Given that dedicating data to the public domain involves permanently relinquishing so many rights and protections, including protection against unfair competition, it is perhaps an unattractive option for data whose creators have yet to fully exploit them, academically or commercially. Nevertheless, it does resolve many of the ambiguities surrounding data use and reuse – to which parts of a database copyright applies, the extent to which database rights apply, what constitutes fair or insubstantial use, what constitutes commercial use – and greatly simplifies integration with other data.

While community norms documents have no legal force, unlike copyright and licences, they can still be effective if the target community shares the values reflected and incorporates the norms into its governance mechanisms. The paradigmatic example is the prohibition of plagiarism, which as a community norm has arguably a greater moral force than copyright law.[51] In the data context, Polar Science is a field in which community norms are being used to ensure both high quality contributions and respectful reuse of data without resorting to legal measures.[52]

Public domain at a glance

Good for

  • most databases and datasets
  • data to be used by anyone or any tool
  • data to be used for any purpose

Watch out for

  • lack of control over how database is reused
  • lack of protection against unfair competition

Back to top

Multiple licensing

In cases where none of the above licences are entirely satisfactory, it may be possible to use a multiple licensing approach. This would allow recipients of the data to choose from a specified set the licence under which they use the data.

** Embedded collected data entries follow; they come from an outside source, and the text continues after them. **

theorem lemma3:
  fixes n :: nat and \<gamma> \<delta> :: real
  assumes "n \<ge> 1" and "\<gamma> \<ge> 0" and "\<delta> \<ge> 0"
  defines "v \<equiv> omega \<gamma> \<delta> 1"
  defines "g \<equiv> 2 * \<gamma> * (1 - v) - 1"
  shows "(lin_stable (path_jacobian n \<gamma> \<delta> (harmonic n)) \<longleftrightarrow> g < 0) \<and>
         (lin_unstable (path_jacobian n \<gamma> \<delta> (harmonic n)) \<longleftrightarrow> g > 0)"
proof -
  have J: "path_jacobian n \<gamma> \<delta> (harmonic n) = (g / 2) \<cdot>\<^sub>m path_dirichlet_laplacian n"
    unfolding g_def v_def by (rule path_jacobian_harmonic)
  have "(lin_stable (path_jacobian n \<gamma> \<delta> (harmonic n)) \<longleftrightarrow> g / 2 < 0) \<and>
        (lin_unstable (path_jacobian n \<gamma> \<delta> (harmonic n)) \<longleftrightarrow> g / 2 > 0)"
    unfolding J using assms(1)
    by (intro lin_stable_unstable_iff_sign[where n = n] smult_carrier_mat path_dirichlet_laplacian_carrier
          eigenvalue_smult_positive_definite[OF path_dirichlet_laplacian_carrier
            path_dirichlet_laplacian_positive_definite]) auto
  then show ?thesis
    by simp
qed

end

Multiple licensing is usually used in the open source software world to achieve one of two aims. The first is to control, rather than freely permit or forbid outright, use of the software in commercial or proprietary applications, thereby providing a means of generating income from the open source code. The second is to resolve the compatibility problems that exist between copyleft licences.[53] In terms of the discussion of Creative Commons licences above, it allows owners of source code to address the issues associated with the Non-Commercial and Share-Alike clauses, respectively.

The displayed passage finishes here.